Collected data
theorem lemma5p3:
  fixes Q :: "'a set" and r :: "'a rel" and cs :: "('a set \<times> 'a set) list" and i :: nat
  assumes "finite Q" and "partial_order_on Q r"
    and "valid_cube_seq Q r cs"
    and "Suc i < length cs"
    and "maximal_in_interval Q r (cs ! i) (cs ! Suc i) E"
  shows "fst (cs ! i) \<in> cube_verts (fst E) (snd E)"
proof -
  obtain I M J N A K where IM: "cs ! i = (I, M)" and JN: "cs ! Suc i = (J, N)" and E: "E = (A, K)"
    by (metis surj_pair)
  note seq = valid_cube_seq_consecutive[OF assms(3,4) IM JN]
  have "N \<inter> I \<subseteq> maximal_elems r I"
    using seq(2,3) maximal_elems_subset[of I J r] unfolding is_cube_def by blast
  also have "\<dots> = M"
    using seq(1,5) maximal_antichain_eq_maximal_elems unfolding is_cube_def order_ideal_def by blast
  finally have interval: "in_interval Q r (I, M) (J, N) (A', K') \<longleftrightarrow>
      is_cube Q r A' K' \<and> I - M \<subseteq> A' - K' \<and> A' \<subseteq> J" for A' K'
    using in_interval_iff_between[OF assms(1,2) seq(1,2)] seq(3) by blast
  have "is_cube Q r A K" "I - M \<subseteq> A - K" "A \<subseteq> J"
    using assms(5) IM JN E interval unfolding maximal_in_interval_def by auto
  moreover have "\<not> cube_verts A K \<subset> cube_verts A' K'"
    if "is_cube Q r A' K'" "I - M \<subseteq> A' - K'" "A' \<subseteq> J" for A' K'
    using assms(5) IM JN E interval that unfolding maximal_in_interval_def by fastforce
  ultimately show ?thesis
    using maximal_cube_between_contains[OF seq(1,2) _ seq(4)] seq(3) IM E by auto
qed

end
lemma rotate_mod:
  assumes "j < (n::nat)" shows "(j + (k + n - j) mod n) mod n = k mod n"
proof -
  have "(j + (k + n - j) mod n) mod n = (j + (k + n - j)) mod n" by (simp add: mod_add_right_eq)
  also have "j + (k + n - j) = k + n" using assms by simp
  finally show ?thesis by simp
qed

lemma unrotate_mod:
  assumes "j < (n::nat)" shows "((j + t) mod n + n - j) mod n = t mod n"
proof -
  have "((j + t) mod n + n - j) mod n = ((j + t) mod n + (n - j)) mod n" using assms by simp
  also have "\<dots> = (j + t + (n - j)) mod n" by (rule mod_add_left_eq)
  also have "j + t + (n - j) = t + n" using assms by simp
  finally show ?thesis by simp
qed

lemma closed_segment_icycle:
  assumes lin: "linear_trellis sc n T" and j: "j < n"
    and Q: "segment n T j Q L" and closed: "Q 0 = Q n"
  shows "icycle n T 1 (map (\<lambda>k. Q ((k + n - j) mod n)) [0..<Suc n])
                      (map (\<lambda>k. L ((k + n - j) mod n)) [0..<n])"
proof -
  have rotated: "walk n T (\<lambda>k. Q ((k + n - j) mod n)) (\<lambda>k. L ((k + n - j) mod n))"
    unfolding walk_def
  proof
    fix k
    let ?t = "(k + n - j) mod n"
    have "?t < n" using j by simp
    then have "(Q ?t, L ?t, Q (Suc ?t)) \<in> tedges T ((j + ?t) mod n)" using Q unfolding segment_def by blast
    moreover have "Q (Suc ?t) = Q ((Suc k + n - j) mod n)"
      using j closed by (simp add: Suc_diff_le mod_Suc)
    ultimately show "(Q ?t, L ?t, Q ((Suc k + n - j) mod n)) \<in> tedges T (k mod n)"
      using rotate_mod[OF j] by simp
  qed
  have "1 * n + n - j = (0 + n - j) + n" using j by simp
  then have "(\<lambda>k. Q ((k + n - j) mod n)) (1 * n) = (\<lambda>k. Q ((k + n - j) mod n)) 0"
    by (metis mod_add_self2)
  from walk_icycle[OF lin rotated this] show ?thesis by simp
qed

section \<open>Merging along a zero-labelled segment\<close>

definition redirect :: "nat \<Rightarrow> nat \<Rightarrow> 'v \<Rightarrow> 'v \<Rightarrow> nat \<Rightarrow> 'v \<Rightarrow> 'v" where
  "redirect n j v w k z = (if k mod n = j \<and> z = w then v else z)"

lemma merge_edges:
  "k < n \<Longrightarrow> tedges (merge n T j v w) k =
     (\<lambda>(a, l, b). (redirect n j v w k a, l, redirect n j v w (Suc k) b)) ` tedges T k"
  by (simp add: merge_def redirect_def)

_WORK ITEM_
Search term "rotated": return each line of the data that contains it.

_WRITTEN ANSWER_
  have rotated: "walk n T (\<lambda>k. Q ((k + n - j) mod n)) (\<lambda>k. L ((k + n - j) mod n))"
  from walk_icycle[OF lin rotated this] show ?thesis by simp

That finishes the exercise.